DMI.OR.ID, JAKARTA – Majelis Ulama Indonesia (MUI) berpendapat bahwa berbagai peristiwa yang terjadi di Indonesia belakangan ini hanyalah akibat-akibat yang terjadi dari sebab berupa kasus penistaan agama di Pulau Pramuka oleh Gubernur Daerah Khusus Ibukota (DKI) Jakarta Non-Aktif, Ir. Basuki Tjahaja Poernama, M.M., alias Ahok, beberapa waktu yang lalu.

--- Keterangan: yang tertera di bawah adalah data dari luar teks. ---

(* Let $\hat{\mathbf{P}}\in\mathbb{R}^{N\times N}$ be a matrix with nonnegative entries, columns summing to $1$, and $\hat{\mathbf{P}}\boldsymbol\mu=\boldsymbol\mu$, such that $\langle\hat{\mathbf{P}},\mathbf{P}\rangle_\mu\ge2\|\boldsymbol\mu\|^2$ and $c'\|\mathbf{P}\|_\mu^2\le\|\hat{\mathbf{P}}\|_\mu^2\le C'\|\mathbf{P}\|_\mu^2$ for constants $0<c'\le C'$. Let $\mathbf{V}=\theta\hat{\mathbf{P}}+(1-\theta)\boldsymbol\mu\mathbf{1}^\top$ for some $\theta\in(0,1)$. Then there are constants $c_1,c_2,c_3>0$ depending only on $C$ and $C'$ such that $$\alpha_V\in\Big[c_1\frac{\theta}{NK_P},\;c_2\theta\Big]\quad\text{and}\quad\|\boldsymbol\Delta_V\|_\mu^2\le c_3\theta^2K_P.$$
   Context: $\boldsymbol\mu\in\mathbb{R}^N$ is a probability vector with $\mu_k\in[1/(CN),C/N]$ for all $k$, for a constant $C\ge1$. $\mathbf{P}\in\mathbb{R}^{N\times N}$ has nonnegative entries, columns summing to $1$, $\mathbf{P}\boldsymbol\mu=\boldsymbol\mu$, and satisfies $\|\mathbf{P}\|_\mu^2-\|\boldsymbol\mu\|^2\ge\|\boldsymbol\mu\|^2$. $\langle\mathbf{M},\mathbf{M}'\rangle_\mu=\operatorname{Tr}(\mathbf{M}\operatorname{diag}(\boldsymbol\mu)\mathbf{M}'^\top)$, $\|\mathbf{M}\|_\mu^2=\langle\mathbf{M},\mathbf{M}\rangle_\mu$; $\|\boldsymbol\mu\|$ Euclidean. $K_P=\|\mathbf{P}\|_\mu^2-\|\boldsymbol\mu\|^2$, $\alpha_V=(\langle\mathbf{V},\mathbf{P}\rangle_\mu-\|\boldsymbol\mu\|^2)/K_P$, $\boldsymbol\Delta_V=\mathbf{V}-\alpha_V\mathbf{P}-(1-\alpha_V)\boldsymbol\mu\mathbf{1}^\top$. *)

theory Defs
  imports Complex_Main
begin

text \<open>Vectors in R^N are functions nat => real (indices 0..N-1), N x N matrices
are functions nat => nat => real (entry M i k = row i, column k).\<close>

definition prob_vec :: "nat \<Rightarrow> (nat \<Rightarrow> real) \<Rightarrow> bool" where
  "prob_vec N mu \<longleftrightarrow> (\<forall>k<N. mu k \<ge> 0) \<and> (\<Sum>k<N. mu k) = 1"

definition stoch_fix :: "nat \<Rightarrow> (nat \<Rightarrow> real) \<Rightarrow> (nat \<Rightarrow> nat \<Rightarrow> real) \<Rightarrow> bool" where
  "stoch_fix N mu M \<longleftrightarrow> (\<forall>i<N. \<forall>k<N. M i k \<ge> 0)
      \<and> (\<forall>k<N. (\<Sum>i<N. M i k) = 1)
      \<and> (\<forall>i<N. (\<Sum>k<N. M i k * mu k) = mu i)"

text \<open>Tr(M diag(mu) M'^T) = sum_{i,k} M i k * mu k * M' i k\<close>
definition mu_inner :: "nat \<Rightarrow> (nat \<Rightarrow> real) \<Rightarrow> (nat \<Rightarrow> nat \<Rightarrow> real) \<Rightarrow> (nat \<Rightarrow> nat \<Rightarrow> real) \<Rightarrow> real" where
  "mu_inner N mu M M' = (\<Sum>i<N. \<Sum>k<N. M i k * mu k * M' i k)"

definition mu_norm_sq :: "nat \<Rightarrow> (nat \<Rightarrow> real) \<Rightarrow> (nat \<Rightarrow> nat \<Rightarrow> real) \<Rightarrow> real" where
  "mu_norm_sq N mu M = mu_inner N mu M M"

definition vec_norm_sq :: "nat \<Rightarrow> (nat \<Rightarrow> real) \<Rightarrow> real" where
  "vec_norm_sq N v = (\<Sum>i<N. (v i)^2)"

definition K_of :: "nat \<Rightarrow> (nat \<Rightarrow> real) \<Rightarrow> (nat \<Rightarrow> nat \<Rightarrow> real) \<Rightarrow> real" where
  "K_of N mu P = mu_norm_sq N mu P - vec_norm_sq N mu"

definition alpha_of :: "nat \<Rightarrow> (nat \<Rightarrow> real) \<Rightarrow> (nat \<Rightarrow> nat \<Rightarrow> real) \<Rightarrow> (nat \<Rightarrow> nat \<Rightarrow> real) \<Rightarrow> real" where
  "alpha_of N mu P V = (mu_inner N mu V P - vec_norm_sq N mu) / K_of N mu P"

definition Delta_of :: "nat \<Rightarrow> (nat \<Rightarrow> real) \<Rightarrow> (nat \<Rightarrow> nat \<Rightarrow> real) \<Rightarrow> (nat \<Rightarrow> nat \<Rightarrow> real) \<Rightarrow> nat \<Rightarrow> nat \<Rightarrow> real" where
  "Delta_of N mu P V = (\<lambda>i k. V i k - alpha_of N mu P V * P i k - (1 - alpha_of N mu P V) * mu i)"

end

theory Submission
  imports Defs "HOL-Analysis.Convex"
begin

text \<open>Write \<open>Ph\<close> for \<open>P\<close>-hat and \<open>A\<^sup>c = A - \<mu>1\<^sup>T\<close>. For matrices fixing \<open>\<mu>\<close> one has
  \<open>\<langle>A\<^sup>c, B\<^sup>c\<rangle>\<^sub>\<mu> = \<langle>A, B\<rangle>\<^sub>\<mu> - \<parallel>\<mu>\<parallel>\<^sup>2\<close>, so \<open>K\<^sub>P = \<parallel>P\<^sup>c\<parallel>\<^sub>\<mu>\<^sup>2\<close>; moreover \<open>V\<^sup>c = \<theta> Ph\<^sup>c\<close>, whence
  \<open>\<alpha>\<^sub>V = \<theta>\<langle>Ph\<^sup>c, P\<^sup>c\<rangle>\<^sub>\<mu> / K\<^sub>P\<close> and \<open>\<Delta>\<^sub>V = \<theta> Ph\<^sup>c - \<alpha>\<^sub>V P\<^sup>c\<close>. The upper bounds follow from
  \<open>2\<langle>A, B\<rangle>\<^sub>\<mu> \<le> \<parallel>A\<parallel>\<^sub>\<mu>\<^sup>2 + \<parallel>B\<parallel>\<^sub>\<mu>\<^sup>2\<close> and \<open>\<parallel>Ph\<^sup>c\<parallel>\<^sub>\<mu>\<^sup>2 \<le> C'\<parallel>P\<parallel>\<^sub>\<mu>\<^sup>2 \<le> 2C'K\<^sub>P\<close>, the lower bound from
  \<open>\<langle>Ph\<^sup>c, P\<^sup>c\<rangle>\<^sub>\<mu> \<ge> \<parallel>\<mu>\<parallel>\<^sup>2 \<ge> 1/N\<close> (Cauchy-Schwarz). This gives \<open>c\<^sub>1 = 1\<close>, \<open>c\<^sub>2 = C' + 1\<close> and
  \<open>c\<^sub>3 = 4C' + 2(C' + 1)\<^sup>2\<close>; the bounds on the entries of \<open>\<mu>\<close>, the lower bound \<open>c'\<close> and
  \<open>\<theta> < 1\<close> are not needed.\<close>

definition centered :: "(nat \<Rightarrow> real) \<Rightarrow> (nat \<Rightarrow> nat \<Rightarrow> real) \<Rightarrow> nat \<Rightarrow> nat \<Rightarrow> real" where
  "centered mu M = (\<lambda>i k. M i k - mu i)"

lemma mu_inner_scale_left:
  "mu_inner N mu (\<lambda>i k. c * A i k) B = c * mu_inner N mu A B"
  by (simp add: mu_inner_def sum_distrib_left mult_ac)

lemma mu_norm_sq_scale:
  "mu_norm_sq N mu (\<lambda>i k. c * A i k) = c^2 * mu_norm_sq N mu A"
  by (simp add: mu_norm_sq_def mu_inner_def sum_distrib_left power2_eq_square mult_ac)

lemma mu_inner_le_half_norm_sq:
  assumes "\<forall>k<N. mu k \<ge> 0"
  shows "mu_inner N mu A B \<le> (mu_norm_sq N mu A + mu_norm_sq N mu B) / 2"
proof -
  have "A i k * mu k * B i k \<le> ((A i k)^2 * mu k + (B i k)^2 * mu k) / 2" if "k < N" for i k
  proof -
    have "0 \<le> (A i k - B i k)^2 * mu k" using assms that by simp
    then show ?thesis by (simp add: power2_eq_square algebra_simps)
  qed
  then have "mu_inner N mu A B \<le> (\<Sum>i<N. \<Sum>k<N. ((A i k)^2 * mu k + (B i k)^2 * mu k) / 2)"
    unfolding mu_inner_def by (intro sum_mono) auto
  also have "\<dots> = (mu_norm_sq N mu A + mu_norm_sq N mu B) / 2"
    by (simp add: mu_norm_sq_def mu_inner_def sum.distrib power2_eq_square mult_ac
        flip: sum_divide_distrib)
  finally show ?thesis .
qed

Ketua Dewan Pertimbangan MUI Pusat, Prof. Dr. H. Sirajuddin (Din) Syamsuddin, M.A., menyatakan hal itu pada Rabu (23/11) malam di Ancol, Jakarta Utara, saat memberikan sambutan dalam Rapat Kerja Nasional (Rakernas) II MUI yang bertema: Meningkatkan Peran MUI Dalam Melayani dan Melindungi Umat.
“Persoalan terakhir yang terjadi di Pulau Pramuka menunjukkan betapa Allah SWT masih sayang kepada kita, ummat Islam. Di dalamnya ada ijtihad dan jihad yang sangat menuntut ummat untuk menerapkan politik tingkat tinggi (high politic) dengan cara-cara dan langkah yang strategis,” jelas Prof. Din Syamsuddin pada Rabu (23/11) malam.
Dalam aksi damai 4/11 (4 November) kemarin, lanjutnya, mayoritas ummat yang turun ke jalan adalah kelas menengah ummat Islam Indonesia yang menjadi massa kritis (critical mass) terhadap kebijakan pemerintah.
“Jika massa kritis ini tidak disikapi secara arif dan bijaksana, maka sangat berbahaya bagi situasi nasional. Apalagi peristiwa ini terjadi di tengah dimensi pertarungan politik ibu kota dan ada nuansa persoalan hubungan Islam dan Kristen walau pun tidak persis seperti itu,” ungkapnya.
Prof. Din Syamsuddin juga meminta pemerintah untuk segera menyelesaikan masalah penistaan agama yang menjadi penyebab utama dari peristiwa-peristiwa yang terjadi akhir-akhir ini.
“Peristiwa yang terjadi akhir-akhir ini hanyalah akibat, bukan penyebab utamanya. Janganlah kita sibuk menyelesaikan akibat-akibat itu, tetapi bara apinya tidak dipadamkan. Jangan karena satu orang (Ahok) melakukan peninstaan agama, bangsa ini menjadi anti toleransi dan anti kemajemukan,” tegasnya.
Menurutnya, kondisi yang terjadi akhir-akhir ini perlu disikapi ummat Islam dengan muhasabah (introspeksi diri) sembari tetap merancang strategi besar ke depan untuk mengantisipasi kelemahan yang ada serta guna menghadapi faktor internal dan eksternal yang sedang mempengaruhi ummat.
“Dalam bahasa Inggris, ada istilah self defense mechanism (mekanisme mempertahankan diri), yakni bagaimana ummat perlu membuat strategi kebudayaan yang berjangka panjang ke masa depan. Apalagi Indonesia sedang mengalami berbagai perubahan mendasar, termasuk perubahan koknstitusi dengan segala aturan derifatif (aturan turunannya),” ucapnya.
Kegiatan ini dibuka secara resmi oleh Ketua Umum Dewan Pimpinan MUI Pusat, DR. KH. Makruf Amin. Kiai Makruf juga memberikan kata sambutan bersama Menteri Agama (Menag) RI, Drs. H. Lukman Hakim Saifuddin.
Turut hadir Ketua Majelis Permuyawaratan Rakyat (MPR) RI, DR. H. Zulkifli Hasan, S.E., M.M.,yang juga memberikan sosialisasi materi tentang empat pilar kebangsaan RI, yakni Pancasila, Bhinneka Tunggal Ika, Undang-Undang Dasar (UUD) 1945, dan Negara Kesatuan Republik Indonesia (RI).
Dalam prosesi pembukaan ini, MUI juga meluncurkan buku panduan mengenai upaya perlindungan dan pencerdasan terhadap anak-anak dan perempuan dalam berbagai aspek kehidupan. MUI sangat menyadari pentingnya peran perempuan dan anak untuk mewujudkan masa depan generasi Indonesia yang berakhlaqul karimah.